Секунды две Иннокентий смотрел на него серьёзно, после чего тоже захохотал, согнувшись и чуть ли не стукнувшись лбом об стол. К ним присоединилась Лиза, смех её был неестественно тонок по сравнению с голосом. Кажется, именно поэтому меня начало распирать изнутри и я, взорвавшись хохотом, привнёс гармонии в нашу смешливую кампанию. Мой рассказ прервался минут на десять-пятнадцать. Всякий раз, когда кто-нибудь, вроде бы успокоившись, спрашивал меня, типа:

– Ну, так что там, в мусоре-то было, который старушка… реф-ф-ф-ле-е-е…

И старая картина повторялась. Мои друзья вновь начинали смеяться до слёз и я, естественно, вместе с ними.
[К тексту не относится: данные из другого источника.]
(* Let $\{\ket{j}\}_{j=0}^{7}$ be the computational basis of three qubits, where $\ket{j}=\ket{j_1j_2j_3}$ with $j=4j_1+2j_2+j_3$, and let $$\ket{\psi_2}=\frac{1}{4\sqrt{2}}\left(\ket{0}+\ket{1}+\ket{2}+\ket{3}+\ket{4}+\ket{5}+\ket{6}+5\ket{7}\right),\qquad \rho_2=\ket{\psi_2}\bra{\psi_2}.$$ Denote by $A_2,B_2,C_2$ the first, second and third qubits of $\rho_2$. Then $$D(B_2C_2|A_2)=D(A_2C_2|B_2)=D(A_2B_2|C_2)=D(C_2|A_2B_2)=D(B_2|A_2C_2)=D(A_2|B_2C_2)$$ $$=-\tfrac{1}{8}(4+\sqrt{13})\log\left(\tfrac{1}{8}(4+\sqrt{13})\right)-\tfrac{1}{8}(4-\sqrt{13})\log\left(\tfrac{1}{8}(4-\sqrt{13})\right)\approx 0.28.$$
   Context: Logarithms are base 2, and $S(\sigma)=-\mathrm{Tr}(\sigma\log\sigma)$ is the von Neumann entropy. For a state $\rho_{XY}$ on a bipartite system $X\otimes Y$ (here $X$ and $Y$ are complementary groups of the three qubits), the quantum discord with measurement on $X$ is $$D(Y|X)=\min_{\{E_a\}}\sum_a p_a S(\rho_{Y|a})+S(\rho_X)-S(\rho_{XY}),$$ where the minimum is over all POVMs $\{E_a\}$ on $X$ ($E_a\ge 0$, $\sum_a E_a=I$), $p_a=\mathrm{Tr}((E_a\otimes I)\rho_{XY})$, $\rho_{Y|a}=\mathrm{Tr}_X((E_a\otimes I)\rho_{XY})/p_a$, and $\rho_X,\rho_Y$ are reduced states. For example $D(B_2C_2|A_2)$ is the discord of $\rho_2$ viewed as a state on $A_2\otimes(B_2C_2)$ with measurement on $A_2$. *)

theory Defs
  imports "Jordan_Normal_Form.Matrix" "Jordan_Normal_Form.Char_Poly"
          "Jordan_Normal_Form.Schur_Decomposition"
begin

text \<open>Eigenvalues of a square complex matrix, with algebraic multiplicity, are the roots of its
  characteristic polynomial. For a density matrix these are real and nonnegative;
  S(sigma) = - sum over eigenvalues of lambda log2 lambda, with 0 log 0 = 0.\<close>

definition xlogx :: "real \<Rightarrow> real" where
  "xlogx x = (if x = 0 then 0 else x * log 2 x)"

definition vn_entropy :: "complex mat \<Rightarrow> real" where
  "vn_entropy \<sigma> = - sum_mset (image_mset (\<lambda>e. xlogx (Re e)) (proots (char_poly \<sigma>)))"

text \<open>Qubits are numbered 0 (first, A), 1 (second, B), 2 (third, C).\<close>

definition qbit :: "nat \<Rightarrow> nat \<Rightarrow> nat" where
  "qbit j k = (j div 2 ^ (2 - k)) mod 2"

definition sub_idx :: "nat list \<Rightarrow> nat \<Rightarrow> nat" where
  "sub_idx X j = (\<Sum>t<length X. qbit j (X ! t) * 2 ^ (length X - 1 - t))"

definition compl_qubits :: "nat list \<Rightarrow> nat list" where
  "compl_qubits X = [k \<leftarrow> [0,1,2]. k \<notin> set X]"

text \<open>Partial trace over the qubits in X of an 8x8 matrix; result lives on the complement.\<close>
definition ptrace :: "nat list \<Rightarrow> complex mat \<Rightarrow> complex mat" where
  "ptrace X M = (let Y = compl_qubits X in
     mat (2 ^ length Y) (2 ^ length Y) (\<lambda>(y, y').
       \<Sum>j<8. \<Sum>j'<8. if sub_idx Y j = y \<and> sub_idx Y j' = y' \<and> sub_idx X j = sub_idx X j'
                       then M $$ (j, j') else 0))"

text \<open>The operator E \<otimes> I on the three qubits, E acting on the qubits X.\<close>
definition embed_op :: "nat list \<Rightarrow> complex mat \<Rightarrow> complex mat" where
  "embed_op X E = (let Y = compl_qubits X in
     mat 8 8 (\<lambda>(j, j'). if sub_idx Y j = sub_idx Y j' then E $$ (sub_idx X j, sub_idx X j') else 0))"

definition psd_mat :: "nat \<Rightarrow> complex mat \<Rightarrow> bool" where
  "psd_mat d E \<longleftrightarrow> E \<in> carrier_mat d d \<and> mat_adjoint E = E \<and>
     (\<forall>v \<in> carrier_vec d. Im (v \<bullet>c (E *\<^sub>v v)) = 0 \<and> 0 \<le> Re (v \<bullet>c (E *\<^sub>v v)))"

definition povm :: "nat \<Rightarrow> complex mat list \<Rightarrow> bool" where
  "povm d Es \<longleftrightarrow> (\<forall>E \<in> set Es. psd_mat d E) \<and>
     (\<forall>i<d. \<forall>j<d. (\<Sum>a<length Es. Es ! a $$ (i, j)) = (if i = j then 1 else 0))"

definition mtrace :: "complex mat \<Rightarrow> complex" where
  "mtrace M = (\<Sum>i<dim_row M. M $$ (i, i))"

section \<open>Quantum discord D(Y|X) with measurement on the qubits X\<close>

definition meas_prob :: "nat list \<Rightarrow> complex mat \<Rightarrow> complex mat \<Rightarrow> real" where
  "meas_prob X \<rho> E = Re (mtrace (embed_op X E * \<rho>))"

definition post_state :: "nat list \<Rightarrow> complex mat \<Rightarrow> complex mat \<Rightarrow> complex mat" where
  "post_state X \<rho> E = complex_of_real (1 / meas_prob X \<rho> E) \<cdot>\<^sub>m ptrace X (embed_op X E * \<rho>)"

definition discord :: "nat list \<Rightarrow> complex mat \<Rightarrow> real" where
  "discord X \<rho> =
     (INF Es \<in> {Es. povm (2 ^ length X) Es}.
        \<Sum>a<length Es. meas_prob X \<rho> (Es ! a) * vn_entropy (post_state X \<rho> (Es ! a)))
     + vn_entropy (ptrace (compl_qubits X) \<rho>) - vn_entropy \<rho>"

definition psi2 :: "complex vec" where
  "psi2 = vec 8 (\<lambda>j. (if j = 7 then 5 else 1) / (4 * complex_of_real (sqrt 2)))"

definition rho2 :: "complex mat" where
  "rho2 = mat 8 8 (\<lambda>(i, j). psi2 $ i * cnj (psi2 $ j))"

end

theory Submission
  imports Defs
begin

(* rho_2 is pure.  Measuring the qubits X of a pure state in the computational basis
   leaves the remaining qubits in pure states of entropy zero, while every POVM gives a nonnegative
   average entropy; so the infimum in D(Y|X) is 0 and D(Y|X) = S(rho_X).  All one-qubit marginals
   of rho_2 coincide, as do all two-qubit marginals, and both matrices R satisfy
   R^3 + (3/64) R = R^2, so their eigenvalues lie in {0, (4 + sqrt 13)/8, (4 - sqrt 13)/8}.
   Since the trace is 1 and sqrt 13 is irrational, each nonzero eigenvalue occurs exactly once. *)

section \<open>Spectra and von Neumann entropy\<close>

lemma mtrace_mult_comm:
  fixes A B :: "complex mat"
  assumes "A \<in> carrier_mat n m" "B \<in> carrier_mat m n"
  shows "mtrace (A * B) = mtrace (B * A)"
proof -
  have "mtrace (A * B) = (\<Sum>i<n. \<Sum>k<m. A $$ (i, k) * B $$ (k, i))"
    using assms by (simp add: mtrace_def scalar_prod_def atLeast0LessThan)
  also have "\<dots> = (\<Sum>k<m. \<Sum>i<n. B $$ (k, i) * A $$ (i, k))"
    by (subst sum.swap) (simp add: mult.commute)
  also have "\<dots> = mtrace (B * A)"
    using assms by (simp add: mtrace_def scalar_prod_def atLeast0LessThan)
  finally show ?thesis .
qed

lemma mtrace_smult: "A \<in> carrier_mat n n \<Longrightarrow> mtrace (c \<cdot>\<^sub>m A) = c * mtrace A"
  unfolding mtrace_def by (auto simp: sum_distrib_left)

lemma proots_prod_linear_factors: "proots (\<Prod>a\<leftarrow>as. [:- a, 1:]) = mset (as :: 'a :: idom list)"
proof (induction as)
  case (Cons a as)
  have "(\<Prod>a\<leftarrow>as. [:- a, 1:]) \<noteq> 0"
    by (auto simp: prod_list_zero_iff)
  then have "proots ([:- a, 1:] * (\<Prod>a\<leftarrow>as. [:- a, 1:])) = proots [:- a, 1:] + mset as"
    using Cons.IH by (subst proots_mult) auto
  then show ?case
    by (simp del: mult_pCons_left)
qed simp

lemma sum_proots_char_poly:
  fixes A :: "complex mat"
  assumes A: "A \<in> carrier_mat n n"
  shows "sum_mset (proots (char_poly A)) = mtrace A"
proof -
  obtain es where cp: "char_poly A = (\<Prod>a\<leftarrow>es. [:- a, 1:])"
    using char_poly_factorized[OF A] by blast
  have roots: "proots (char_poly A) = mset es"
    unfolding cp by (rule proots_prod_linear_factors)
  obtain B P Q where sch: "schur_decomposition A es = (B, P, Q)"
    by (cases "schur_decomposition A es") auto
  from schur_decomposition[OF A cp sch]
  have sim: "similar_mat_wit A B P Q" and diag: "diag_mat B = es" by auto
  from sim A have B: "B \<in> carrier_mat n n" and P: "P \<in> carrier_mat n n" and Q: "Q \<in> carrier_mat n n"
    and "Q * P = 1\<^sub>m n" and "A = P * B * Q"
    unfolding similar_mat_wit_def Let_def by auto
  then have "mtrace A = mtrace ((B * Q) * P)"
    using mtrace_mult_comm[of P n n "B * Q"] by (simp add: assoc_mult_mat[of P n n B n Q])
  also have "\<dots> = mtrace B"
    using B P Q \<open>Q * P = 1\<^sub>m n\<close> by (simp add: assoc_mult_mat)
  also have "\<dots> = sum_list es"
    using B unfolding diag[symmetric] mtrace_def diag_mat_def
    by (simp add: sum_list_sum_nth atLeast0LessThan)
  finally show ?thesis
    using roots by (simp add: sum_mset_sum_list)
qed

lemma eigenvalue_if_in_proots_char_poly:
  fixes A :: "complex mat"
  assumes "A \<in> carrier_mat n n" and "e \<in># proots (char_poly A)"
  shows "eigenvalue A e"
  using assms by (cases "char_poly A = 0") (auto simp: eigenvalue_root_char_poly)

lemma eigenvalue_cubic_identity:
  fixes A :: "'a :: field mat"
  assumes A: "A \<in> carrier_mat n n" and cubic: "A * (A * A) + c \<cdot>\<^sub>m A = A * A"
    and "eigenvalue A e"
  shows "e * e * e + c * e = e * e"
proof -
  obtain v where v: "v \<in> carrier_vec n" and "v \<noteq> 0\<^sub>v n" and Av: "A *\<^sub>v v = e \<cdot>\<^sub>v v"
    using assms unfolding eigenvalue_def eigenvector_def by auto
  then obtain i where i: "i < n" and "v $ i \<noteq> 0"
    by (metis eq_vecI carrier_vecD index_zero_vec)
  have AAv: "(A * A) *\<^sub>v v = (e * e) \<cdot>\<^sub>v v"
    using A v Av by (simp add: mult_mat_vec smult_smult_assoc)
  have "(A * (A * A)) *\<^sub>v v = A *\<^sub>v ((e * e) \<cdot>\<^sub>v v)"
    using A v AAv by (simp add: assoc_mult_mat_vec[of A n n "A * A" n v])
  also have "\<dots> = (e * e * e) \<cdot>\<^sub>v v"
    using A v Av by (simp add: mult_mat_vec smult_smult_assoc mult.commute)
  finally have AAAv: "(A * (A * A)) *\<^sub>v v = (e * e * e) \<cdot>\<^sub>v v" .
  have "((A * (A * A) + c \<cdot>\<^sub>m A) *\<^sub>v v) $ i = ((A * (A * A)) *\<^sub>v v) $ i + c * (A *\<^sub>v v) $ i"
    using A v i
    by (simp add: add_scalar_prod_distrib[of _ n] scalar_prod_def sum_distrib_left distrib_right
        sum.distrib mult.assoc)
  then have "e * e * e * v $ i + c * (e * v $ i) = e * e * v $ i"
    using cubic AAv AAAv Av i v by simp
  then have "(e * e * e + c * e) * v $ i = (e * e) * v $ i"
    by (simp add: algebra_simps)
  then show ?thesis
    using \<open>v $ i \<noteq> 0\<close> by simp
qed

lemma eigenvalue_cubic_identity_roots:
  fixes A :: "'a :: field mat"
  assumes A: "A \<in> carrier_mat n n" and cubic: "A * (A * A) + (a * (1 - a)) \<cdot>\<^sub>m A = A * A"
    and "eigenvalue A e"
  shows "e \<in> {0, a, 1 - a}"
proof -
  have "e * ((e - a) * (e - (1 - a))) = e * e * e + a * (1 - a) * e - e * e"
    by (simp add: algebra_simps)
  also have "\<dots> = 0"
    using eigenvalue_cubic_identity[OF A cubic \<open>eigenvalue A e\<close>] by simp
  finally show ?thesis
    by auto
qed

(* The quadratic-form half of psd_mat, without hermiticity (which over the complex numbers it
   implies anyway); it is all that the spectral bounds need and is easy to check for
   post-measurement states. *)
definition psd_form :: "nat \<Rightarrow> complex mat \<Rightarrow> bool" where
  "psd_form n A \<longleftrightarrow> A \<in> carrier_mat n n \<and>
     (\<forall>v \<in> carrier_vec n. Im (v \<bullet>c (A *\<^sub>v v)) = 0 \<and> 0 \<le> Re (v \<bullet>c (A *\<^sub>v v)))"

lemma psd_form_smult:
  assumes A: "psd_form n A" and "0 \<le> c"
  shows "psd_form n (complex_of_real c \<cdot>\<^sub>m A)"
proof -
  have Ac: "A \<in> carrier_mat n n"
    using A unfolding psd_form_def by simp
  have "v \<bullet>c ((complex_of_real c \<cdot>\<^sub>m A) *\<^sub>v v) = complex_of_real c * (v \<bullet>c (A *\<^sub>v v))"
    if "v \<in> carrier_vec n" for v
    using Ac that by (simp add: scalar_prod_def sum_distrib_left ac_simps)
  then show ?thesis
    using assms unfolding psd_form_def by simp
qed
Всё-таки нам удалось кое-как совладать с хохотунчиком, и тогда я продолжил:

– Короче, увидел один из врачей, что из пакета, который… упал вместе с бабкой, вперемешку с мусором вывалилась кость. И, поскольку он оказался врачом ушлым, определил сразу – малая берцовая, человечья. Короче, для начала бабку отвезли в больницу, а в это время менты у неё дома на лоджии нашли расчленённого супруга. Когда спросили старуху: чего это она из божьего одуванчика душегубом сделалась? Та ответила просто: гулял! Кобелина…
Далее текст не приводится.